Sweet FSA
Posted on: 18 Feb 2012 by James Farmer

 

Move over, Schwarzenegger. Frederick Smythe-Allinson admires the BoE Governor’s transformation

Mervyn’s Makeover

So farewell then, Merv the Swerve, and hail to Merv the Enforcer. The man who declared menacingly that if a bank was too big to fail it was simply too big. The man who’s been telling David Cameron a few home truths about why Britain can’t fend off the euro crisis with a few easy remarks about how wise we British were to steer clear of the euro in the first place. And a man with iron in his soul and steel in his jaw. Not a man John Vickers would like to encounter down a dark alley.

The Guvnor’s transformation over the last three months has been little short of magnificent. There was a time when making Mr King look uncomfortable was so easy it was almost like cheating. Fire a tricky question at him, and his earnest face would turn blotchy under the trademark desk-clerk specs as he sought to control what looked like a mix of anger and embarrassment. But his composure at the Conservative Party – and, lest we forget, under the searching scrutiny of the BBC’s own Stephanie Flanders – was a different performance.

There was the confident way he sat during the interview. There was the sublimely relaxed way that he coped with the TV floodlights, thanks perhaps to a particularly thick application of orange greasepaint which hid the standing-out veins nicely. Indeed, he didn’t even flinch when Ms Flanders took him to task for having previously underestimated the size of the euro problem. “When the world changes, we change our response,” he purred. Ms Flanders, defeated, changed the subject.

Somebody alert the X Files. Our Guvnor has been abducted by aliens and swapped with a doppelgänger from Alpha Centauri.
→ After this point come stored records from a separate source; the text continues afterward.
theorem theorem3p4:
  fixes M :: "'a measure" and T :: "'a \<Rightarrow> 'a" and V :: "'a set \<Rightarrow> real"
    and P :: "'a measure" and \<xi> :: "'a \<Rightarrow> real"
  assumes T_meas: "T \<in> measurable M M"
    and V_def: "\<forall>A\<in>sets M. V A = (SUP Q \<in> dominated_probs M V. measure Q A)"
    and V_cont: "upper_continuous M V"
    and V_inv: "V_invariant M T V"
    and V_erg: "V_ergodic M T V"
    and P_in: "P \<in> dominated_probs M V"
    and \<xi>_meas: "\<xi> \<in> borel_measurable M"
    and \<xi>_bdd: "\<exists>B. \<forall>\<omega>\<in>space M. \<bar>\<xi> \<omega>\<bar> \<le> B"
  shows "AE \<omega> in P.
           convergent (\<lambda>n. (\<Sum>k<n. \<xi> ((T ^^ k) \<omega>)) / real n) \<and>
           - upper_exp0 M T V (\<lambda>x. - \<xi> x) \<le> lim (\<lambda>n. (\<Sum>k<n. \<xi> ((T ^^ k) \<omega>)) / real n) \<and>
           lim (\<lambda>n. (\<Sum>k<n. \<xi> ((T ^^ k) \<omega>)) / real n) \<le> upper_exp0 M T V \<xi>"
proof -
  obtain B where bounded: "\<And>x. x \<in> space M \<Longrightarrow> \<bar>\<xi> x\<bar> \<le> B"
    using \<xi>_bdd by blast
  have bounded_uminus: "\<And>x. x \<in> space M \<Longrightarrow> \<bar>- \<xi> x\<bar> \<le> B"
    using bounded by simp
  have "AE x in P. birkhoff_limsup T \<xi> x \<le> upper_exp0 M T V \<xi>"
    by (rule AE_birkhoff_limsup_le_upper_exp0[OF T_meas V_cont V_inv P_in \<xi>_meas bounded V_def V_erg])
  moreover have "AE x in P. birkhoff_limsup T (\<lambda>y. - \<xi> y) x \<le> upper_exp0 M T V (\<lambda>y. - \<xi> y)"
    using \<xi>_meas
    by (intro AE_birkhoff_limsup_le_upper_exp0[OF T_meas V_cont V_inv P_in _ bounded_uminus V_def V_erg])
      measurable
  moreover have "AE x in P. - birkhoff_limsup T (\<lambda>y. - \<xi> y) x = birkhoff_limsup T \<xi> x"
    by (rule AE_birkhoff_limsup_uminus[OF T_meas V_cont V_inv P_in \<xi>_meas bounded])
  moreover have "AE x in P. (\<lambda>n. birkhoff_avg T \<xi> n x) \<longlonglongrightarrow> birkhoff_limsup T \<xi> x"
    by (rule AE_birkhoff_avg_LIMSEQ[OF T_meas V_cont V_inv P_in \<xi>_meas bounded])
  ultimately show ?thesis
  proof eventually_elim
    case (elim x)
    have "(\<lambda>n. (\<Sum>k<n. \<xi> ((T ^^ k) x)) / real n) = (\<lambda>n. birkhoff_avg T \<xi> n x)"
      by (simp add: birkhoff_avg_def)
    with elim(4) have "convergent (\<lambda>n. (\<Sum>k<n. \<xi> ((T ^^ k) x)) / real n)"
      and "lim (\<lambda>n. (\<Sum>k<n. \<xi> ((T ^^ k) x)) / real n) = birkhoff_limsup T \<xi> x"
      by (auto intro: convergentI limI)
    with elim(1-3) show ?case
      by simp
  qed
qed

end
fun Ck :: "nat \<Rightarrow> (real \<times> real) set \<Rightarrow> (real \<times> real \<Rightarrow> real) \<Rightarrow> bool" where
  "Ck 0 U f = continuous_on U f"
| "Ck (Suc k) U f = (f differentiable_on U \<and> Ck k U (pd1 f) \<and> Ck k U (pd2 f))"

definition Ck_map :: "nat \<Rightarrow> (real \<times> real) set \<Rightarrow> (real \<times> real \<Rightarrow> real \<times> real) \<Rightarrow> bool" where
  "Ck_map k U f = (Ck k U (\<lambda>q. fst (f q)) \<and> Ck k U (\<lambda>q. snd (f q)))"

definition Ck_diffeo_onto_image :: "nat \<Rightarrow> (real \<times> real) set \<Rightarrow> (real \<times> real \<Rightarrow> real \<times> real) \<Rightarrow> bool" where
  "Ck_diffeo_onto_image k U f =
     (inj_on f U \<and> open (f ` U) \<and> Ck_map k U f \<and> Ck_map k (f ` U) (the_inv_into U f))"

definition closed_unit_box :: "(real \<times> real) set" where
  "closed_unit_box = {x. max \<bar>fst x\<bar> \<bar>snd x\<bar> \<le> 1}"

definition graph_u :: "(real \<Rightarrow> real) \<Rightarrow> (real \<times> real) set" where
  "graph_u H = {x. \<bar>fst x\<bar> \<le> 1 \<and> snd x = H (fst x)}"

definition C1_on_interval :: "(real \<Rightarrow> real) \<Rightarrow> (real \<Rightarrow> real) \<Rightarrow> bool" where
  "C1_on_interval F F' =
     ((\<forall>x\<in>{-1..1}. (F has_real_derivative F' x) (at x within {-1..1})) \<and> continuous_on {-1..1} F')"

end

theory Submission
  imports Defs
begin

text \<open>Write \<open>\<phi> = (\<phi>\<^sub>1, \<phi>\<^sub>2)\<close>. Since \<open>F\<close> is 1-Lipschitz with \<open>F 0 = 0\<close>, its graph stays in the unit box,
  where the second derivatives of \<open>\<phi>\<^sub>1\<close> are at most \<open>\<delta>\<close> and its gradient at the origin is \<open>(2, 0)\<close>.
  Splitting an increment of \<open>g s = \<phi>\<^sub>1 (s, F s)\<close> into a step along the \<open>x\<^sub>1\<close>-axis, a mixed second
  difference and a vertical step gives \<open>\<bar>g s - g s' - 2 (s - s')\<bar> \<le> 4 \<delta> \<bar>s - s'\<bar>\<close>.
  For \<open>\<delta> \<le> 1/4\<close> the continuous map \<open>g\<close> is therefore injective on \<open>[-1, 1]\<close> with
  \<open>g (-1) \<le> -1\<close> and \<open>1 \<le> g 1\<close>, so each \<open>x\<^sub>1\<close> with \<open>\<bar>x\<^sub>1\<bar> \<le> 1\<close> is hit exactly once and the image is the graph
  of \<open>x\<^sub>1 \<mapsto> \<phi>\<^sub>2 (g\<^sup>-\<^sup>1 x\<^sub>1, F (g\<^sup>-\<^sup>1 x\<^sub>1))\<close>.\<close>

lemma mem_closed_unit_box [simp]: "(x, y) \<in> closed_unit_box \<longleftrightarrow> x \<in> {-1..1} \<and> y \<in> {-1..1}"
  by (auto simp: closed_unit_box_def)

lemma Ck_Suc_imp_Ck: "Ck (Suc k) U f \<Longrightarrow> Ck k U f"
proof (induction k arbitrary: f)
  case 0
  then show ?case by (simp add: differentiable_imp_continuous_on)
next
  case (Suc k)
  show ?case using Suc.prems by (auto intro: Suc.IH)
qed

lemma Ck_mono: "j \<le> k \<Longrightarrow> Ck k U f \<Longrightarrow> Ck j U f"
  by (induction k rule: dec_induct) (use Ck_Suc_imp_Ck in blast)+

lemma has_derivative_imp_partial1:
  assumes "(f has_derivative D) (at (a, b))"
  shows "((\<lambda>t. f (t, b)) has_real_derivative D (1, 0)) (at a)"
proof -
  have "((\<lambda>t. (t, b)) has_derivative (\<lambda>t. (t, 0))) (at a)"
    by (auto intro!: derivative_eq_intros)
  then have "((\<lambda>t. f (t, b)) has_derivative (\<lambda>t. D (t, 0))) (at a)"
    using has_derivative_compose[of "\<lambda>t. (t, b)" _ a UNIV f D] assms by simp
  moreover have "(\<lambda>t. D (t, 0)) = (*) (D (1, 0))"
  proof
    fix t :: real
    show "D (t, 0) = D (1, 0) * t"
      using linear_cmul[OF has_derivative_linear[OF assms], of t "(1, 0)"] by (simp add: mult.commute)
  qed
  ultimately show ?thesis by (simp add: has_field_derivative_def)
qed

lemma has_derivative_imp_partial2:
  assumes "(f has_derivative D) (at (a, b))"
  shows "((\<lambda>t. f (a, t)) has_real_derivative D (0, 1)) (at b)"
proof -
  have "((\<lambda>t. (a, t)) has_derivative (\<lambda>t. (0, t))) (at b)"
    by (auto intro!: derivative_eq_intros)
  then have "((\<lambda>t. f (a, t)) has_derivative (\<lambda>t. D (0, t))) (at b)"
    using has_derivative_compose[of "\<lambda>t. (a, t)" _ b UNIV f D] assms by simp
  moreover have "(\<lambda>t. D (0, t)) = (*) (D (0, 1))"
  proof
    fix t :: real
    show "D (0, t) = D (0, 1) * t"
      using linear_cmul[OF has_derivative_linear[OF assms], of t "(0, 1)"] by (simp add: mult.commute)
  qed
  ultimately show ?thesis by (simp add: has_field_derivative_def)
qed

lemma pd1_eq_derivative: "(f has_derivative D) (at (a, b)) \<Longrightarrow> pd1 f (a, b) = D (1, 0)"
  unfolding pd1_def by (simp add: DERIV_imp_deriv has_derivative_imp_partial1)

lemma pd2_eq_derivative: "(f has_derivative D) (at (a, b)) \<Longrightarrow> pd2 f (a, b) = D (0, 1)"
  unfolding pd2_def by (simp add: DERIV_imp_deriv has_derivative_imp_partial2)
(* Let $\mathcal A$ be a super weakly amenable Banach algebra. Then (i) the linear span of $\{ab:a,b\in\mathcal A\}$ is dense in $\mathcal A$; and (ii) there are no nonzero continuous point derivations on $\mathcal A$: for every nonzero continuous multiplicative linear functional $\varphi:\mathcal A\to\mathbb C$, every continuous linear functional $d:\mathcal A\to\mathbb C$ with $d(ab)=d(a)\varphi(b)+\varphi(a)d(b)$ for all $a,b\in\mathcal A$ is zero.
   Context: For a continuous homomorphism $\varphi:\mathcal A\to\mathcal B$ of Banach algebras, $\mathcal B_\varphi$ is $\mathcal B$ as an $\mathcal A$-bimodule with $a\cdot b=\varphi(a)b$, $b\cdot a=b\varphi(a)$, and its dual $\mathcal B_\varphi^*$ is an $\mathcal A$-bimodule via $\langle x,a\cdot f\rangle=\langle x\cdot a,f\rangle$, $\langle x,f\cdot a\rangle=\langle a\cdot x,f\rangle$. A derivation $d:\mathcal A\to X$ is a bounded linear map with $d(ab)=d(a)\cdot b+a\cdot d(b)$. $\mathcal A$ is called super weakly amenable if for every Banach algebra $\mathcal B$, every continuous homomorphism $\varphi:\mathcal A\to\mathcal B$ and every derivation $d:\mathcal A\to\mathcal B_\varphi^*$, one has $\langle d(a),\varphi(b)\rangle+\langle d(b),\varphi(a)\rangle=0$ for all $a,b\in\mathcal A$. *)

theory Defs
  imports Complex_Main
begin

text \<open>Complex Banach algebras, rendered explicitly as structures on a carrier set
  (Isabelle/HOL has no type class of complex normed spaces).\<close>

record 'a cba =
  ba_car   :: "'a set"
  ba_zero  :: 'a
  ba_add   :: "'a \<Rightarrow> 'a \<Rightarrow> 'a"
  ba_smul  :: "complex \<Rightarrow> 'a \<Rightarrow> 'a"
  ba_mul   :: "'a \<Rightarrow> 'a \<Rightarrow> 'a"
  ba_norm  :: "'a \<Rightarrow> real"

definition ba_diff :: "'a cba \<Rightarrow> 'a \<Rightarrow> 'a \<Rightarrow> 'a" where
  "ba_diff A x y = ba_add A x (ba_smul A (-1) y)"
text \<open>If \<open>G\<close> is a perfect matching with partner map \<open>p\<close>, its complement is the cocktail party
graph: two vertices are adjacent unless they are equal or partners. Its cliques are exactly
the transversals of the pairs, so there are \<open>2^(n/2)\<close> of them, and two cliques meet unless one
is the \<open>p\<close>-image of the other. Hence the clique graph is again a cocktail party graph, on
\<open>2^(n/2)\<close> vertices. The vertex counts of the iterated clique graphs therefore follow
\<open>c \<mapsto> 2^(c/2)\<close>, which fixes \<open>c = 2, 4\<close> and strictly increases every \<open>c \<ge> 6\<close>; the empty graph
has a one-vertex clique graph.\<close>

definition pairing :: "nat set \<Rightarrow> (nat \<Rightarrow> nat) \<Rightarrow> bool" where
  "pairing V p \<longleftrightarrow> (\<forall>v\<in>V. p v \<in> V \<and> p v \<noteq> v \<and> p (p v) = v)"

definition transversal :: "nat set \<Rightarrow> (nat \<Rightarrow> nat) \<Rightarrow> nat set \<Rightarrow> bool" where
  "transversal V p C \<longleftrightarrow> C \<subseteq> V \<and> (\<forall>v\<in>V. v \<in> C \<longleftrightarrow> p v \<notin> C)"

lemma pairingD:
  assumes "pairing V p" "v \<in> V"
  shows "p v \<in> V" "p v \<noteq> v" "p (p v) = v"
  using assms by (auto simp: pairing_def)

lemma pairing_cancel:
  assumes "pairing V p" "u \<in> V" "w \<in> V"
  shows "p u = w \<longleftrightarrow> u = p w"
  using assms by (metis pairingD(3))

lemma pairing_Diff_pair:
  assumes p: "pairing V p" and v: "v \<in> V"
  shows "pairing (V - {v, p v}) p"
  unfolding pairing_def
proof
  fix w assume w: "w \<in> V - {v, p v}"
  then have "p w \<noteq> v" "p w \<noteq> p v"
    using pairing_cancel[OF p] pairingD(1)[OF p] v by auto
  then show "p w \<in> V - {v, p v} \<and> p w \<noteq> w \<and> p (p w) = w"
    using pairingD[OF p] w by auto
qed

lemma transversals_split_pair:
  assumes p: "pairing V p" and v: "v \<in> V"
  defines "X \<equiv> {C. transversal (V - {v, p v}) p C}"
  shows "{C. transversal V p C} = insert v ` X \<union> insert (p v) ` X"
proof -
  let ?W = "V - {v, p v}"
  have pW: "p w \<in> ?W" if "w \<in> ?W" for w
    using pairing_Diff_pair[OF p v] that unfolding pairing_def by blast
  note pv = pairingD[OF p v]
  show ?thesis
  proof (intro equalityI subsetI)
    fix C assume "C \<in> {C. transversal V p C}"
    then have C: "C \<subseteq> V" "\<And>u. u \<in> V \<Longrightarrow> u \<in> C \<longleftrightarrow> p u \<notin> C"
      by (auto simp: transversal_def)
    have "u \<in> C - {v, p v} \<longleftrightarrow> p u \<notin> C - {v, p v}" if u: "u \<in> ?W" for u
      using C(2) pW[OF u] u by blast
    then have "transversal ?W p (C - {v, p v})"
      unfolding transversal_def using C(1) by blast
    moreover have "C = insert v (C - {v, p v}) \<or> C = insert (p v) (C - {v, p v})"
      using C(2)[OF v] by auto
    ultimately show "C \<in> insert v ` X \<union> insert (p v) ` X"
      unfolding X_def by blast
  next
    fix C assume "C \<in> insert v ` X \<union> insert (p v) ` X"
    then obtain T w where T: "transversal ?W p T" and w: "w = v \<or> w = p v" and C: "C = insert w T"
      unfolding X_def by blast
    have TW: "T \<subseteq> ?W" and Tc: "\<And>u. u \<in> ?W \<Longrightarrow> u \<in> T \<longleftrightarrow> p u \<notin> T"
      using T by (auto simp: transversal_def)
    have "u \<in> C \<longleftrightarrow> p u \<notin> C" if u: "u \<in> V" for u
    proof (cases "u \<in> ?W")
      case True
      then have "u \<notin> {v, p v}" "p u \<notin> {v, p v}" using pW[OF True] by auto
      then show ?thesis using Tc[OF True] C w by auto
    next
      case False
      then have "u = v \<or> u = p v" using u by blast
      then show ?thesis using C w TW pv by auto
    qed
    moreover have "C \<subseteq> V" using TW w C pv v by auto
    ultimately show "C \<in> {C. transversal V p C}" by (simp add: transversal_def)
  qed
qed

lemma card_transversals:
  assumes "finite V" "pairing V p"
  shows "card {C. transversal V p C} = 2 ^ (card V div 2) \<and> even (card V)"
  using assms
proof (induction "card V" arbitrary: V rule: less_induct)
  case less
  show ?case
  proof (cases "V = {}")
    case True
    then have "{C. transversal V p C} = {{}}" by (auto simp: transversal_def)
    then show ?thesis using True by simp
  next
    case False
    then obtain v where v: "v \<in> V" by blast
    define W where "W = V - {v, p v}"
    define X where "X = {C. transversal W p C}"
    note pv = pairingD[OF less.prems(2) v]
    have cardV: "card V = card W + 2"
      using pv v less.prems(1) card_mono[OF less.prems(1), of "{v, p v}"]
      unfolding W_def by (subst card_Diff_subset) auto
    have "finite W" "pairing W p"
      using less.prems pairing_Diff_pair[OF less.prems(2) v] unfolding W_def by auto
    then have IH: "card X = 2 ^ (card W div 2) \<and> even (card W)"
      using less.hyps[of W] cardV unfolding X_def by linarith
    have XW: "T \<subseteq> W" if "T \<in> X" for T
      using that unfolding X_def transversal_def by blast
    have vW: "v \<notin> W" "p v \<notin> W" by (auto simp: W_def)
    have "finite X"
      using finite_subset[of X "Pow W"] XW \<open>finite W\<close> by blast
    moreover have "inj_on (insert v) X" "inj_on (insert (p v)) X"
      unfolding inj_on_def using XW vW by (metis insert_ident subsetD)+
    moreover have "insert v ` X \<inter> insert (p v) ` X = {}"
      using XW vW pv by blast
    ultimately have "card {C. transversal V p C} = card X + card X"
      using transversals_split_pair[OF less.prems(2) v]
      unfolding W_def[symmetric] X_def[symmetric]
      by (simp add: card_Un_disjoint card_image)
    then show ?thesis using IH cardV by simp
  qed
qed

lemma transversal_image:
  assumes p: "pairing V p" and C: "transversal V p C"
  shows "transversal V p (p ` C)"
  unfolding transversal_def
proof
  have CV: "C \<subseteq> V" using C unfolding transversal_def by blast
  then show "p ` C \<subseteq> V" using pairingD(1)[OF p] by blast
  have mem: "v \<in> p ` C \<longleftrightarrow> p v \<in> C" if v: "v \<in> V" for v
  proof
    assume "v \<in> p ` C"
    then obtain c where "c \<in> C" "v = p c" by blast
    then show "p v \<in> C" using CV pairingD(3)[OF p, of c] by auto
  next
    assume "p v \<in> C"
    then show "v \<in> p ` C" using pairingD(3)[OF p v] by (metis imageI)
  qed
  show "\<forall>v\<in>V. v \<in> p ` C \<longleftrightarrow> p v \<notin> p ` C"
  proof
    fix v assume v: "v \<in> V"
    have "p v \<in> C \<longleftrightarrow> p (p v) \<notin> C"
      using C pairingD(1)[OF p v] unfolding transversal_def by blast
    then show "v \<in> p ` C \<longleftrightarrow> p v \<notin> p ` C"
      using mem[OF v] mem[OF pairingD(1)[OF p v]] by blast
  qed
qed

lemma transversal_image_image:
  assumes "pairing V p" "transversal V p C"
  shows "p ` p ` C = C"
proof -
  have "p (p c) = c" if "c \<in> C" for c
    using that assms(2) pairingD(3)[OF assms(1)] unfolding transversal_def by blast
  then show ?thesis by (simp add: image_image)
qed

lemma transversals_disjoint_iff:
  assumes p: "pairing V p" and C: "transversal V p C" and D: "transversal V p D"
  shows "C \<inter> D = {} \<longleftrightarrow> C = p ` D"
proof
  assume disj: "C \<inter> D = {}"
  have "c \<in> p ` D" if "c \<in> C" for c
  proof -
    have c: "c \<in> V" "c \<notin> D" using that C disj unfolding transversal_def by blast+
    then have "p c \<in> D" using D unfolding transversal_def by blast
    then show ?thesis using pairingD(3)[OF p c(1)] by (metis imageI)
  qed
  moreover have "p d \<in> C" if "d \<in> D" for d
    using that disj C D unfolding transversal_def by blast
  ultimately show "C = p ` D" by blast
next
  assume "C = p ` D"
  then show "C \<inter> D = {}" using D unfolding transversal_def by blast
qed

lemma transversal_image_neq:
  assumes "pairing V p" "transversal V p C" "V \<noteq> {}"
  shows "p ` C \<noteq> C"
proof
  assume "p ` C = C"
  then have "C = {}" using transversals_disjoint_iff[OF assms(1,2,2)] by simp
  then show False using assms(2,3) unfolding transversal_def by blast
qed

definition cocktail_party :: "ngraph \<Rightarrow> (nat \<Rightarrow> nat) \<Rightarrow> bool" where
  "cocktail_party G p \<longleftrightarrow> finite (verts G) \<and> pairing (verts G) p \<and>
     (\<forall>u v. adj G u v \<longleftrightarrow> u \<in> verts G \<and> v \<in> verts G \<and> u \<noteq> v \<and> u \<noteq> p v)"

lemma cocktail_party_complete_set_iff:
  assumes "cocktail_party G p"
  shows "complete_set G S \<longleftrightarrow> S \<subseteq> verts G \<and> (\<forall>u\<in>S. p u \<notin> S)"
proof -
  have adj: "adj G u v \<longleftrightarrow> u \<in> verts G \<and> v \<in> verts G \<and> u \<noteq> v \<and> u \<noteq> p v" for u v
    using assms by (simp add: cocktail_party_def)
  have p: "pairing (verts G) p" using assms by (simp add: cocktail_party_def)
  show ?thesis
  proof
    assume S: "complete_set G S"
    have "p u \<notin> S" if u: "u \<in> S" for u
    proof
      assume pu: "p u \<in> S"
      have uV: "u \<in> verts G" using S u unfolding complete_set_def by blast
      then have "adj G (p u) u" using S u pu pairingD(2)[OF p uV] unfolding complete_set_def by blast
      then show False using adj pairingD(3)[OF p uV] by simp
    qed
    then show "S \<subseteq> verts G \<and> (\<forall>u\<in>S. p u \<notin> S)" using S unfolding complete_set_def by blast
  next
    assume "S \<subseteq> verts G \<and> (\<forall>u\<in>S. p u \<notin> S)"
    then show "complete_set G S" unfolding complete_set_def adj by blast
  qed
qed

lemma cocktail_party_clique_iff:
  assumes G: "cocktail_party G p"
  shows "clique G C \<longleftrightarrow> transversal (verts G) p C"
proof -
  note cs = cocktail_party_complete_set_iff[OF G]
  have p: "pairing (verts G) p" using G by (simp add: cocktail_party_def)
  show ?thesis
  proof
    assume c: "clique G C"
    then have C: "C \<subseteq> verts G" "\<forall>u\<in>C. p u \<notin> C" unfolding clique_def cs by auto
    have "v \<in> C" if v: "v \<in> verts G" "p v \<notin> C" for v
    proof -
      have "p u \<noteq> v" if u: "u \<in> C" for u
      proof
        assume "p u = v"
        then have "p v = u" using pairingD(3)[OF p] u C(1) by blast
        then show False using u v(2) by blast
      qed
      then have "complete_set G (insert v C)"
        unfolding cs using C v pairingD(2)[OF p v(1)] by auto
      then show ?thesis using c unfolding clique_def by blast
    qed
    then show "transversal (verts G) p C" unfolding transversal_def using C by blast
  next
    assume "transversal (verts G) p C"
    then have C: "C \<subseteq> verts G" "\<And>v. v \<in> verts G \<Longrightarrow> v \<in> C \<longleftrightarrow> p v \<notin> C"
      by (auto simp: transversal_def)
    have "complete_set G C" unfolding cs using C by blast
    moreover have "T = C" if T: "complete_set G T" "C \<subseteq> T" for T
    proof -
      have "T \<subseteq> verts G" "\<forall>u\<in>T. p u \<notin> T" using T(1) unfolding cs by auto
      then show ?thesis using C T(2) by blast
    qed
    ultimately show "clique G C" unfolding clique_def by blast
  qed
qed

lemma bit_set_code_iff:
  assumes "finite C"
  shows "bit (set_code C) n \<longleftrightarrow> n \<in> C"
  using assms
proof (induction C arbitrary: n rule: finite_induct)
  case empty
  then show ?case by (simp add: set_code_def)
next
  case (insert x F)
  have "set_code (insert x F) = 2 ^ x + set_code F"
    using insert by (simp add: set_code_def)
  moreover have "bit (2 ^ x + set_code F) n \<longleftrightarrow> bit ((2::nat) ^ x) n \<or> bit (set_code F) n"
    by (rule bit_disjunctive_add_iff) (use insert in \<open>auto simp: bit_exp_iff\<close>)
  ultimately show ?case using insert by (auto simp: bit_exp_iff)
qed

lemma bits_set_code:
  assumes "finite C"
  shows "{i. bit (set_code C) i} = C"
  using bit_set_code_iff[OF assms] by blast

lemma inj_on_set_code: "inj_on set_code (Collect finite)"
  by (rule inj_on_inverseI[where g = "\<lambda>a. {i. bit a i}"]) (simp add: bits_set_code)

definition clique_pairing :: "(nat \<Rightarrow> nat) \<Rightarrow> nat \<Rightarrow> nat" where
  "clique_pairing p a = set_code (p ` {i. bit a i})"

lemma verts_clique_graph_cocktail_party:
  assumes "cocktail_party G p"
  shows "verts (clique_graph G) = set_code ` {C. transversal (verts G) p C}"
  using cocktail_party_clique_iff[OF assms] by (simp add: clique_graph_def)

lemma card_verts_clique_graph_cocktail_party:
  assumes G: "cocktail_party G p"
  shows "card (verts (clique_graph G)) = 2 ^ (card (verts G) div 2)"
proof -
  have "inj_on set_code {C. transversal (verts G) p C}"
    using G inj_on_set_code unfolding cocktail_party_def transversal_def
    by (auto intro: inj_on_subset finite_subset)
  then show ?thesis
    using card_transversals G
    by (simp add: verts_clique_graph_cocktail_party[OF G] card_image cocktail_party_def)
qed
The truth is out there.

 

More Monkey Business from the Random Walk

Last month, Allinson boldly investigated the theory that dumb animals might make better forecasters than most humans – not just monkeys with keyboards, but also creatures such as Bob Beckman’s dog, whose stock-picking skills earned him the 1970s equivalent of a million pounds. This month, Allinson takes the argument to its logical conclusion.

One of the largest ever random walk experiments came to an end in 2002, when the Wall Street Journal wound up a 14-year attempt to determine whether a blindfolded monkey with a dartboard could beat a panel of stock-picking experts. In 142 six-month trials, a suitable monkey (or rather, its nearest equivalent, a financial journalist) would fire blindfolded darts at a printed sheet of stock names on a wall, while a team of professionals made their own more considered choices.

Predictably, the monkeys underperformed the pros, but not by as much as you might suppose. The pros won 87 of the 142 contests, but rather remarkably the darts won 55. More embarrassingly, during the first 100 bouts the pros beat the DJ index by an unimpressive 51 wins to 49.

But the fun really started during the last 30 trials (between 1999 and 2002), when a team of WSJ readers was finally invited to join the contest. The amateurs’ average six-monthly loss of 4% was embarrassing enough – but it was positively cringe-making in comparison with the monkeys, which lost only 1%. Ouch.

So, the Challenge for 2012…

Now fair’s fair, of course, that was a highly untypical period of stock market history. The dotcom boom of the late 1990s gave way to the car-crash of 2000-2002, and all bets were decisively off by the time the contest was dropped. But popular legend has it that the monkeys’ stocks continued to be better long-term holds than the pros’ selections, many of which turned out to be skyrockets that quickly fizzled and died.

In these equally testing days, it is time to relight the touch paper. Allinson hereby issues a light-hearted FTSE-100 challenge to the industry. If you can do better than the publishing director’s two-year old daughters, who will each be armed with a great big crayon, the world will salute not just your ability but also your nerves of steel. Who’s offering?